Stored data entries
(* Let $k\ge2$ and let $B$ be a $k\times k$ symmetric matrix over $\mathbb F_2$ of rank $k-2$ with every row sum $0$. Let $\Sigma_B$ be the set of $\alpha=(\alpha_1,\dots,\alpha_k)$ with $\alpha_j\in\{1,5,9,13\}$ and $\prod_j\alpha_j\equiv1\pmod8$ such that the $k\times(k+1)$ matrix $(B\mid\mathfrak b_\alpha)$ has rank $k-1$ over $\mathbb F_2$, where $\mathfrak b_\alpha=([2/\alpha_1],\dots,[2/\alpha_k])^T$. Then $\#\Sigma_B=2^{2k-2}$.
   Context: For an odd integer $a$, $[2/a]=1$ if $a\equiv\pm5\pmod8$ and $[2/a]=0$ otherwise. *)

theory Defs
  imports "HOL-Analysis.Analysis" "HOL-Library.Z2"
begin

text \<open>The symbol [2/a]: for an odd integer a, it is 1 if a is congruent to 5 or -5 mod 8, else 0.
  Values are taken in the field F_2, modelled by the type bit.\<close>
definition two_sym :: "int \<Rightarrow> bit" where
  "two_sym a = (if a mod 8 = 3 \<or> a mod 8 = 5 then 1 else 0)"

definition bvec :: "('n::finite \<Rightarrow> int) \<Rightarrow> bit ^ 'n" where
  "bvec \<alpha> = (\<chi> j. two_sym (\<alpha> j))"

definition augment :: "bit ^ 'n ^ 'n \<Rightarrow> bit ^ 'n \<Rightarrow> bit ^ ('n + unit) ^ 'n" where
  "augment B b = (\<chi> i. \<chi> c. (case c of Inl j \<Rightarrow> B $ i $ j | Inr _ \<Rightarrow> b $ i))"

definition SigmaB :: "bit ^ 'n::finite ^ 'n \<Rightarrow> ('n \<Rightarrow> int) set" where
  "SigmaB B = {\<alpha>. (\<forall>j. \<alpha> j \<in> {1, 5, 9, 13}) \<and> (\<Prod>j\<in>UNIV. \<alpha> j) mod 8 = 1
                 \<and> rank (augment B (bvec \<alpha>)) = CARD('n) - 1}"

end

theory Submission
  imports Defs
begin

text \<open>Since every \<open>\<alpha>\<^sub>j \<equiv> 1 (mod 4)\<close>, the condition \<open>\<Prod>\<^sub>j \<alpha>\<^sub>j \<equiv> 1 (mod 8)\<close> says
  \<open>\<Sum>\<^sub>j [2/\<alpha>\<^sub>j] = 0\<close>, i.e. that the column \<open>b = b\<^sub>\<alpha>\<close> is orthogonal to the all-ones vector \<open>1\<close>;
  and each \<open>b\<close> arises from exactly \<open>2\<^sup>k\<close> admissible \<open>\<alpha>\<close>. Appending \<open>b\<close> to \<open>B\<close> raises the rank
  iff \<open>b\<close> is not orthogonal to the left kernel \<open>N\<close> of \<open>B\<close>. By rank--nullity \<open>N\<close> has four
  elements, and it contains \<open>1\<close> because \<open>B\<close> is symmetric with zero row sums; hence
  \<open>N = {0, 1, u, u + 1}\<close>, and for \<open>b\<close> orthogonal to \<open>1\<close> the rank of \<open>(B | b)\<close> is \<open>k - 1\<close> iff
  \<open>u \<cdot> b = 1\<close>. As \<open>b \<mapsto> (1 \<cdot> b, u \<cdot> b)\<close> is a linear surjection onto \<open>F\<^sub>2\<^sup>2\<close>, exactly
  \<open>2\<^sup>k\<^sup>-\<^sup>2\<close> columns \<open>b\<close> qualify.\<close>

lemma bit_cases: "(x::bit) = 0 \<or> x = 1" by (cases "x = 0") auto

lemma UNIV_bit: "(UNIV::bit set) = {0, 1}"
  using bit_cases by auto

instance bit :: finite
  by standard (simp add: UNIV_bit)

lemma card_bit: "CARD(bit) = 2"
  unfolding UNIV_bit by simp

lemma bit_add_self [simp]: "(x::bit) + x = 0"
  using bit_cases[of x] by auto

lemma bit_vec_add_self [simp]: "(x::bit^'n) + x = 0"
  by (simp add: vec_eq_iff)

lemma card_span_insert:
  fixes x :: "'a::{field,finite}^'n"
  assumes "x \<notin> vec.span S"
  shows "card (vec.span (insert x S)) = CARD('a) * card (vec.span S)"
proof -
  let ?f = "\<lambda>(k, v). k *s x + v"
  have "vec.span (insert x S) = ?f ` (UNIV \<times> vec.span S)"
  proof (intro equalityI subsetI)
    fix y assume "y \<in> vec.span (insert x S)"
    then obtain k where "y - k *s x \<in> vec.span S" by (auto simp: vec.span_insert)
    then show "y \<in> ?f ` (UNIV \<times> vec.span S)"
      by (auto intro!: image_eqI[of _ _ "(k, y - k *s x)"])
  next
    fix y assume "y \<in> ?f ` (UNIV \<times> vec.span S)"
    then obtain k v where "v \<in> vec.span S" "y = k *s x + v" by auto
    then show "y \<in> vec.span (insert x S)" by (auto simp: vec.span_insert intro!: exI[of _ k])
  qed
  moreover have "inj_on ?f (UNIV \<times> vec.span S)"
  proof (rule inj_onI, clarsimp)
    fix k v l w
    assume v: "v \<in> vec.span S" and w: "w \<in> vec.span S" and eq: "k *s x + v = l *s x + w"
    have "(k - l) *s x = w - v"
      using eq by (simp add: algebra_simps)
    then have kl: "(k - l) *s x \<in> vec.span S"
      using v w by (simp add: vec.span_diff)
    have "k = l"
    proof (rule ccontr)
      assume "k \<noteq> l"
      then have "x = inverse (k - l) *s ((k - l) *s x)"
        by (simp only: vec.scale_scale) simp
      with assms vec.span_scale[OF kl] show False by metis
    qed
    then show "k = l \<and> v = w"
      using eq by simp
  qed
  ultimately show ?thesis
    by (simp add: card_image card_cartesian_product)
qed

lemma card_span:
  fixes S :: "('a::{field,finite}^'n) set"
  shows "card (vec.span S) = CARD('a) ^ vec.dim S"
proof -
  obtain B where B: "B \<subseteq> S" "vec.independent B" "S \<subseteq> vec.span B" "card B = vec.dim S"
    using vec.basis_exists[of S] by blast
  have "card (vec.span B) = CARD('a) ^ card B"
    using finite[of B] \<open>vec.independent B\<close>
  proof (induction B rule: finite_induct)
    case (insert x B)
    then show ?case
      by (simp add: vec.independent_insert card_span_insert)
  qed simp
  moreover have "vec.span B = vec.span S"
    using B by (metis vec.span_mono vec.span_span subset_antisym)
  ultimately show ?thesis
    using B(4) by simp
qed

lemma span_rows_eq_range:
  fixes A :: "'a::field^'n^'m"
  shows "vec.span (rows A) = range (\<lambda>c. c v* A)"
proof
  show "vec.span (rows A) \<subseteq> range (\<lambda>c. c v* A)"
  proof (rule vec.span_minimal)
    show "rows A \<subseteq> range (\<lambda>c. c v* A)"
    proof
      fix r assume "r \<in> rows A"
      then obtain i where r: "r = row i A" by (auto simp: rows_def)
      have "(if j = i then 1 else 0) * a = (if j = i then a else 0)" for j and a :: 'a
        by simp
      then have "axis i 1 v* A = r"
        unfolding r by (simp add: vec_eq_iff vector_matrix_mult_def axis_def row_def)
      then show "r \<in> range (\<lambda>c. c v* A)" by blast
    qed
    show "vec.subspace (range (\<lambda>c. c v* A))"
      unfolding vec.subspace_def
      by (auto simp flip: vector_matrix_left_distrib scalar_vector_matrix_assoc
          intro: range_eqI[of _ _ 0])
  qed
  show "range (\<lambda>c. c v* A) \<subseteq> vec.span (rows A)"
  proof
    fix y assume "y \<in> range (\<lambda>c. c v* A)"
    then obtain c where "y = c v* A"
      by blast
    also have "c v* A = (\<Sum>i\<in>UNIV. c $ i *s A $ i)"
      by (simp add: vec_eq_iff vector_matrix_mult_def sum_component mult.commute)
    finally have y: "y = (\<Sum>i\<in>UNIV. c $ i *s A $ i)" .
    have "A $ i \<in> rows A" for i
      by (auto simp: rows_def row_def)
    then show "y \<in> vec.span (rows A)"
      unfolding y by (intro vec.span_sum vec.span_scale vec.span_base)
  qed
qed

lemma card_fibre_additive:
  fixes f :: "'a::{ab_group_add,finite} \<Rightarrow> 'b::ab_group_add"
  assumes add: "\<And>x y. f (x + y) = f x + f y" and "y \<in> range f"
  shows "card (f -` {y}) = card (f -` {0})"
proof -
  obtain x0 where y: "y = f x0" using \<open>y \<in> range f\<close> by auto
  have f0: "f 0 = 0" using add[of 0 0] by simp
  have "f -` {y} = (+) x0 ` f -` {0}"
  proof (intro equalityI subsetI)
    fix z assume "z \<in> f -` {y}"
    then have "f (z - x0) = 0"
      using add[of "z - x0" x0] y by simp
    then show "z \<in> (+) x0 ` f -` {0}"
      by (auto intro!: image_eqI[of _ _ "z - x0"])
  qed (auto simp: add y)
  then show ?thesis
    by (simp add: card_image)
qed

lemma card_range_mult_card_kernel:
  fixes f :: "'a::{ab_group_add,finite} \<Rightarrow> 'b::ab_group_add"
  assumes add: "\<And>x y. f (x + y) = f x + f y"
  shows "card (range f) * card (f -` {0}) = CARD('a)"
proof -
  have "CARD('a) = card (\<Union>y\<in>range f. f -` {y})"
    by (rule arg_cong[where f = card]) blast
  also have "\<dots> = (\<Sum>y\<in>range f. card (f -` {y}))"
    by (rule card_UN_disjoint) auto
  also have "\<dots> = card (range f) * card (f -` {0})"
    by (simp add: card_fibre_additive[OF add])
  finally show ?thesis ..
qed

lemma rank_mult_card_left_kernel:
  fixes A :: "'a::{field,finite}^'n^'m"
  shows "CARD('a) ^ rank A * card {c. c v* A = 0} = CARD('a) ^ CARD('m)"
proof -
  have "card (range (\<lambda>c. c v* A)) = CARD('a) ^ rank A"
    by (simp add: row_rank_def_gen card_span flip: span_rows_eq_range)
  moreover have "card (range (\<lambda>c. c v* A)) * card {c. c v* A = 0} = CARD('a^'m)"
    using card_range_mult_card_kernel[of "\<lambda>c. c v* A"] by (simp add: vector_matrix_left_distrib vimage_def)
  ultimately show ?thesis
    by simp
qed

definition vec_dot :: "'a::semiring_1^'n \<Rightarrow> 'a^'n \<Rightarrow> 'a" where
  "vec_dot x y = (\<Sum>i\<in>UNIV. x $ i * y $ i)"

lemma vec_dot_add_left: "vec_dot (x + y) z = vec_dot x z + vec_dot y z"
  by (simp add: vec_dot_def distrib_right sum.distrib)

lemma vec_dot_add_right: "vec_dot x (y + z) = vec_dot x y + vec_dot x z"
  by (simp add: vec_dot_def distrib_left sum.distrib)

lemma vec_dot_0_left [simp]: "vec_dot 0 x = 0"
  by (simp add: vec_dot_def)

lemma vec_dot_0_right [simp]: "vec_dot x 0 = 0"
  by (simp add: vec_dot_def)

lemma vec_dot_1_left: "vec_dot 1 x = (\<Sum>i\<in>UNIV. x $ i)"
  by (simp add: vec_dot_def)

lemma vec_dot_axis: "vec_dot x (axis i 1) = x $ i"
proof -
  have "x $ j * (if j = i then 1 else 0) = (if j = i then x $ i else 0)" for j
    by simp
  then show ?thesis
    by (simp add: vec_dot_def axis_def)
qed

lemma left_kernel_augment:
  fixes B :: "bit^'n^'n"
  shows "c v* augment B b = 0 \<longleftrightarrow> c v* B = 0 \<and> vec_dot c b = 0"
proof -
  have "(c v* augment B b) $ Inl j = (c v* B) $ j" "(c v* augment B b) $ Inr u = vec_dot c b" for j u
    by (simp_all add: vector_matrix_mult_def augment_def vec_dot_def)
  then show ?thesis
    unfolding vec_eq_iff split_sum_all by simp
qed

EXERCISE ▸ If the string "also" appears in a line of the entries, report the line.

ANSWER TO THIS EXERCISE ▸
    also have "c v* A = (\<Sum>i\<in>UNIV. c $ i *s A $ i)"
  also have "\<dots> = (\<Sum>y\<in>range f. card (f -` {y}))"
  also have "\<dots> = card (range f) * card (f -` {0})"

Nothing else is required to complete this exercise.